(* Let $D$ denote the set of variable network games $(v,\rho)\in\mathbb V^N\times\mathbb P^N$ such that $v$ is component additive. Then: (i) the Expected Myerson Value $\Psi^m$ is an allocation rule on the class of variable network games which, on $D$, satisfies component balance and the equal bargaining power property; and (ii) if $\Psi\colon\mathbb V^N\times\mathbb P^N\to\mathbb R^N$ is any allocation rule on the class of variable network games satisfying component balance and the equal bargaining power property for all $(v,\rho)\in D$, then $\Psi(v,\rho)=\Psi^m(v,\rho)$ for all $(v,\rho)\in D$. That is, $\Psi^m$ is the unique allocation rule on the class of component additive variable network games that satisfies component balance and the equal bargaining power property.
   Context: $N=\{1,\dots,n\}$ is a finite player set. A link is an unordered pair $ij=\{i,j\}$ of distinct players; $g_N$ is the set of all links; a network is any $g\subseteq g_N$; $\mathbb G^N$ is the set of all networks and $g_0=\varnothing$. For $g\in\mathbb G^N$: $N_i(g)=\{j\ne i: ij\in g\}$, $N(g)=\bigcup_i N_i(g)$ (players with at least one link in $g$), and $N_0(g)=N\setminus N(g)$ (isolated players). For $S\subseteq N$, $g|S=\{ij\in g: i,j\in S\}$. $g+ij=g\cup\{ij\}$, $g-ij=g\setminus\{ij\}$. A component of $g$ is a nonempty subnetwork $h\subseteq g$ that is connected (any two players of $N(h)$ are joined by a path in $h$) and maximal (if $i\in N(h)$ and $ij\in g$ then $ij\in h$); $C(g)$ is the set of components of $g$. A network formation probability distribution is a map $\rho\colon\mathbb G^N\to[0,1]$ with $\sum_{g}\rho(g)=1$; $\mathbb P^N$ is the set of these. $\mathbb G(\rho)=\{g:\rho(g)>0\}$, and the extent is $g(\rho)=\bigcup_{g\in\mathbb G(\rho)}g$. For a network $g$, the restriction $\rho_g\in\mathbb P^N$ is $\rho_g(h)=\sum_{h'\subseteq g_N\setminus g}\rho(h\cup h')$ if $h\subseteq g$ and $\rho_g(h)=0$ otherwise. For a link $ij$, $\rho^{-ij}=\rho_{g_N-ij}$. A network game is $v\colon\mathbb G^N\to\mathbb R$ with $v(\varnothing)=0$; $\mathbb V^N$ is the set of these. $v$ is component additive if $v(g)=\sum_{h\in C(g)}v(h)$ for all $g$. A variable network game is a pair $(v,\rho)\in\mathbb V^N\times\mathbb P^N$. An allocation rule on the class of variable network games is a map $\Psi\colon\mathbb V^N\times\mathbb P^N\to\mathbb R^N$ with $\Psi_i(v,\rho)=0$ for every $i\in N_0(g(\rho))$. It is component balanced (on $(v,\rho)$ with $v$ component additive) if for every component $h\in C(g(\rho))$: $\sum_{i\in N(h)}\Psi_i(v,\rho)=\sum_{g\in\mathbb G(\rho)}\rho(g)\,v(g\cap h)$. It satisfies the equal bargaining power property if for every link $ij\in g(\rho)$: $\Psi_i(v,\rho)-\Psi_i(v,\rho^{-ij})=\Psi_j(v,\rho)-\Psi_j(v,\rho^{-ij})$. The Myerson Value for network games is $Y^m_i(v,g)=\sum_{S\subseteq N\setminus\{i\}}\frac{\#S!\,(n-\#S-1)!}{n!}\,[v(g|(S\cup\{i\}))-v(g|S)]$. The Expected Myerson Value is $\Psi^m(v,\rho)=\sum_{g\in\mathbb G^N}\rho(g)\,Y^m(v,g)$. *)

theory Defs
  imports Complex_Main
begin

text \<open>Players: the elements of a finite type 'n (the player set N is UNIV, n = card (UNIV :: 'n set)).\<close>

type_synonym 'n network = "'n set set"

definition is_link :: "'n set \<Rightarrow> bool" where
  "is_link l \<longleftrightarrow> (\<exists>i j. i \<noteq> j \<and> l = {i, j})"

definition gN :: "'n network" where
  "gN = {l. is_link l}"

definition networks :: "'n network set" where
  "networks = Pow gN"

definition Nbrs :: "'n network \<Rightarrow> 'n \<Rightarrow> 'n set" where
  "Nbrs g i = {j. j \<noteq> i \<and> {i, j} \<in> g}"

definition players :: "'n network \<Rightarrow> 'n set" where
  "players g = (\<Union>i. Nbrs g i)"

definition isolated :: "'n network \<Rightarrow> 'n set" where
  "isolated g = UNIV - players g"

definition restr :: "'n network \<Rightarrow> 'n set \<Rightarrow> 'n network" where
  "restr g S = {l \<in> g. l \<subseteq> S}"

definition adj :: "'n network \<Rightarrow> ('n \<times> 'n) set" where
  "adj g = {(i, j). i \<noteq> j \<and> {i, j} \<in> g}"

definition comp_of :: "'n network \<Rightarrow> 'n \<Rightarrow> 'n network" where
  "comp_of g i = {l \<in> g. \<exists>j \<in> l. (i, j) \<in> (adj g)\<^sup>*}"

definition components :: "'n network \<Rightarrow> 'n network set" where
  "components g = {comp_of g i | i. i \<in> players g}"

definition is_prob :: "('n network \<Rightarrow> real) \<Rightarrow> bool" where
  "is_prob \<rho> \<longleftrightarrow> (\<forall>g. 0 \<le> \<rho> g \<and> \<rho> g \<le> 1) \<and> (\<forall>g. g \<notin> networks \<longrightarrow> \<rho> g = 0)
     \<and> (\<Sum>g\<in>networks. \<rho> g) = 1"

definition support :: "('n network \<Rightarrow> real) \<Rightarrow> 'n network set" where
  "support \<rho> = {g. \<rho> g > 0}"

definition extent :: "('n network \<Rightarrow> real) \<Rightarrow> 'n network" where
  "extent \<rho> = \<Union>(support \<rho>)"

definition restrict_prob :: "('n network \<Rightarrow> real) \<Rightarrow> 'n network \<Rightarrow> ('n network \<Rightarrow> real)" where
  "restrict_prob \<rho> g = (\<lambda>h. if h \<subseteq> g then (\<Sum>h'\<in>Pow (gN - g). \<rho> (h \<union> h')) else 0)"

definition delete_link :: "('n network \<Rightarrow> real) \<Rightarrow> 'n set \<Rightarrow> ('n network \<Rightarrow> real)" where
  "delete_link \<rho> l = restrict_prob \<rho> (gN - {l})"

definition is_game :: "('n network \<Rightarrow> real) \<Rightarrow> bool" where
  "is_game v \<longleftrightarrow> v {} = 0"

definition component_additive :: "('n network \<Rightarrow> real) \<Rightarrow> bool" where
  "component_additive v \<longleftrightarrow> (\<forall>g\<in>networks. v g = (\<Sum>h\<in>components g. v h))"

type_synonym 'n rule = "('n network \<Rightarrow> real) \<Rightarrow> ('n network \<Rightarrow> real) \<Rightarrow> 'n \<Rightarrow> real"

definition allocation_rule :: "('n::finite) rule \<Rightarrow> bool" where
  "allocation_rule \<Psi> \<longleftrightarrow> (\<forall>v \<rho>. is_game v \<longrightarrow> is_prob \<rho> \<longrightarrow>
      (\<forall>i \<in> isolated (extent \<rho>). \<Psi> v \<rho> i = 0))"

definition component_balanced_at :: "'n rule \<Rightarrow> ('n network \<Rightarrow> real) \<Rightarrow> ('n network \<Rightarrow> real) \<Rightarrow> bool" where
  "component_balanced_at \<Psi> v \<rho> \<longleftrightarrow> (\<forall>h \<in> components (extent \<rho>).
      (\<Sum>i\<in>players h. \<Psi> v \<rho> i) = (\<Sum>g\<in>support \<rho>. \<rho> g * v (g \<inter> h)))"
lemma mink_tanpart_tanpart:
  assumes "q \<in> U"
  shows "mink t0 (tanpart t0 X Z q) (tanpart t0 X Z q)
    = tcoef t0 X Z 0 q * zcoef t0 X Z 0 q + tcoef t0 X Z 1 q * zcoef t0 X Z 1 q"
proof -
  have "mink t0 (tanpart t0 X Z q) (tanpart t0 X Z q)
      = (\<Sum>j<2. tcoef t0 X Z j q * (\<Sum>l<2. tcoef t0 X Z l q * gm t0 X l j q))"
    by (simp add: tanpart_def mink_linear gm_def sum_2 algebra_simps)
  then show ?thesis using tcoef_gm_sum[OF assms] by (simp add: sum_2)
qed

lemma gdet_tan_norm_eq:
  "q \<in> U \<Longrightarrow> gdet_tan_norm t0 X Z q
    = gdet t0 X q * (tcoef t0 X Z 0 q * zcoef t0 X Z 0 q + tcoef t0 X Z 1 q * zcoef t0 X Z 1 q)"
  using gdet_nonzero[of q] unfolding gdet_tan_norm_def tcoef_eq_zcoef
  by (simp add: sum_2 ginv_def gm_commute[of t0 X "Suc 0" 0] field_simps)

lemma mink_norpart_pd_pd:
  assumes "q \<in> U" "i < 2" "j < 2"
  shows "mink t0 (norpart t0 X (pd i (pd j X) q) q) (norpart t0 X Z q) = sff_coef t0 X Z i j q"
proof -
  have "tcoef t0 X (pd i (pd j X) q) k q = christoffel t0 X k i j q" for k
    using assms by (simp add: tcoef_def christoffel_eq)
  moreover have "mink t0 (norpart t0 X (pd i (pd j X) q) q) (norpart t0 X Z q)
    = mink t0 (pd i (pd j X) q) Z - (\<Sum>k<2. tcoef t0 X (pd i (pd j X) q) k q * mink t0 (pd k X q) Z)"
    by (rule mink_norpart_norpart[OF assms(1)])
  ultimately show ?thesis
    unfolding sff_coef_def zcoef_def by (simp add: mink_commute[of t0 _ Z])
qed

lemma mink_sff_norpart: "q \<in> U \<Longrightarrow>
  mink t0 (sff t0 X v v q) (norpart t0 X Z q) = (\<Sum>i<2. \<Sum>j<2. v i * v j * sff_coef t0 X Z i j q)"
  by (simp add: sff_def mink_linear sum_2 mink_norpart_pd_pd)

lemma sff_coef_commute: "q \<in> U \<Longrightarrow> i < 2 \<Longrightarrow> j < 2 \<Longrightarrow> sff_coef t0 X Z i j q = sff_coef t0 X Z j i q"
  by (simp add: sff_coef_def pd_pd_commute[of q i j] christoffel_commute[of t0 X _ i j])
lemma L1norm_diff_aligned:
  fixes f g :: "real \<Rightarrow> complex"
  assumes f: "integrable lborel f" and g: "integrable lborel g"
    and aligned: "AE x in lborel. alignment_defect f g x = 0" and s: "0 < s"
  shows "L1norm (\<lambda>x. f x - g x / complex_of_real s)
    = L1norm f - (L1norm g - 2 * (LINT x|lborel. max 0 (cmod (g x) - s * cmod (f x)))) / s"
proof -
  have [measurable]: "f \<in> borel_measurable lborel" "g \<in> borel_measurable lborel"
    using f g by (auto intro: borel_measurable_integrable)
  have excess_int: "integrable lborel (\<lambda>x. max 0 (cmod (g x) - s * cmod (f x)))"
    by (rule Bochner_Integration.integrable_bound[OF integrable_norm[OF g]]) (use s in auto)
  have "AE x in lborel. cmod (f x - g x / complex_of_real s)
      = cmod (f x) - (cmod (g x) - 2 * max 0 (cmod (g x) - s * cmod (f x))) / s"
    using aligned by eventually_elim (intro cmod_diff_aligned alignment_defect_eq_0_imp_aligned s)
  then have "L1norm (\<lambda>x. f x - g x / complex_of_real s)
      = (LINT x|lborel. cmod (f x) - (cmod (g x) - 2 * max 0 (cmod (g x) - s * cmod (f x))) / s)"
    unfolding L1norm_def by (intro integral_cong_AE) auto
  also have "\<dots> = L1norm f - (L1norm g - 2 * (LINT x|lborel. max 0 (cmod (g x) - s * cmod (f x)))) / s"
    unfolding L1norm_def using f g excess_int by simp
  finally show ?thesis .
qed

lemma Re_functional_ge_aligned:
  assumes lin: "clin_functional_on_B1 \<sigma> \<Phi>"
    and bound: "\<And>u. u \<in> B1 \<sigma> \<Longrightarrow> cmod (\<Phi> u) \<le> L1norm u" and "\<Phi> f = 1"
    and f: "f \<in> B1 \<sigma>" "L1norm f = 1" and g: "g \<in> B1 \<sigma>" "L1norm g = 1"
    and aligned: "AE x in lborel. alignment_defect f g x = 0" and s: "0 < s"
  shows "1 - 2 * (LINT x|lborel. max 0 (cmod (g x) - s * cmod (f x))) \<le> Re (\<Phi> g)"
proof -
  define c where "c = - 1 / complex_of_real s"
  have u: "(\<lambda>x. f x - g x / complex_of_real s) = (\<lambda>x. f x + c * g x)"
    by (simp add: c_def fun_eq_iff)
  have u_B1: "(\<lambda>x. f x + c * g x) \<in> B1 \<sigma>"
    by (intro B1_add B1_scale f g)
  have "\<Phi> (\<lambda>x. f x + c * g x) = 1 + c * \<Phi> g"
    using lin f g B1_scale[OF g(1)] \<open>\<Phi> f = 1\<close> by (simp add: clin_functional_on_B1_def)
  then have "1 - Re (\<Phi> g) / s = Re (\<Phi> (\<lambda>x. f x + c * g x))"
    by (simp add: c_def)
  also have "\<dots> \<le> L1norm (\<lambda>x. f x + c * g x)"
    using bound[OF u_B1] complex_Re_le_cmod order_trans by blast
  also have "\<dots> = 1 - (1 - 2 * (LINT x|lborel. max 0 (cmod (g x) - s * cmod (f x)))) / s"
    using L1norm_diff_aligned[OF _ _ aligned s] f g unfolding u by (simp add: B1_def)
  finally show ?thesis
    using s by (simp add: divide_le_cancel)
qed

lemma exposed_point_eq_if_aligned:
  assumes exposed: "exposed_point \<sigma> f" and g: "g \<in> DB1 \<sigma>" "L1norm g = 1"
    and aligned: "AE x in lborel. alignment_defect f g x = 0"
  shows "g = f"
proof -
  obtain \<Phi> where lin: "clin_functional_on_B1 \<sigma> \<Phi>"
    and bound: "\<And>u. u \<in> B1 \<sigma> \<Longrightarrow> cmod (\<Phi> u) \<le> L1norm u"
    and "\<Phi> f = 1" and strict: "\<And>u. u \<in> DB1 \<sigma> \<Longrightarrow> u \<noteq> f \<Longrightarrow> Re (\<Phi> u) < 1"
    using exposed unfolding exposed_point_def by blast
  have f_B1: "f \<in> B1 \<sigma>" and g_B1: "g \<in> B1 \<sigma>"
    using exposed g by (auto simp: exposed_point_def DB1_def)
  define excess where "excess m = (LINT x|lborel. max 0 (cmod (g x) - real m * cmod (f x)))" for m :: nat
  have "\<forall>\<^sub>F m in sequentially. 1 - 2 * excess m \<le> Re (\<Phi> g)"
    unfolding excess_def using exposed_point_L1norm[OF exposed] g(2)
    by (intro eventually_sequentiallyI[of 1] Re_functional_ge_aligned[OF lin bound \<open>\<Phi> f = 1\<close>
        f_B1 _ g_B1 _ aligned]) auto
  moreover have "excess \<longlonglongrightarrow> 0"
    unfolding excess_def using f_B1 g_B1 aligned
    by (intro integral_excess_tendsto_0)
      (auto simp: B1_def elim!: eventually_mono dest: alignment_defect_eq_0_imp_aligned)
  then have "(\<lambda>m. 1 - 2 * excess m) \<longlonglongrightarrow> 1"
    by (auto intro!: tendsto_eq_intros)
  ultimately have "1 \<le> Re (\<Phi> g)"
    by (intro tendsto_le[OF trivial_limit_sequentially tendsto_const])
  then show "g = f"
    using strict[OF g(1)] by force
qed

▶ TASK REQUIREMENTS
The lines holding the string "close" in the listing above are what you should copy out.

▶ RESULT BELOW
text \<open>Players: the elements of a finite type 'n (the player set N is UNIV, n = card (UNIV :: 'n set)).\<close>
    using lin f g B1_scale[OF g(1)] \<open>\<Phi> f = 1\<close> by (simp add: clin_functional_on_B1_def)
    by (intro eventually_sequentiallyI[of 1] Re_functional_ge_aligned[OF lin bound \<open>\<Phi> f = 1\<close>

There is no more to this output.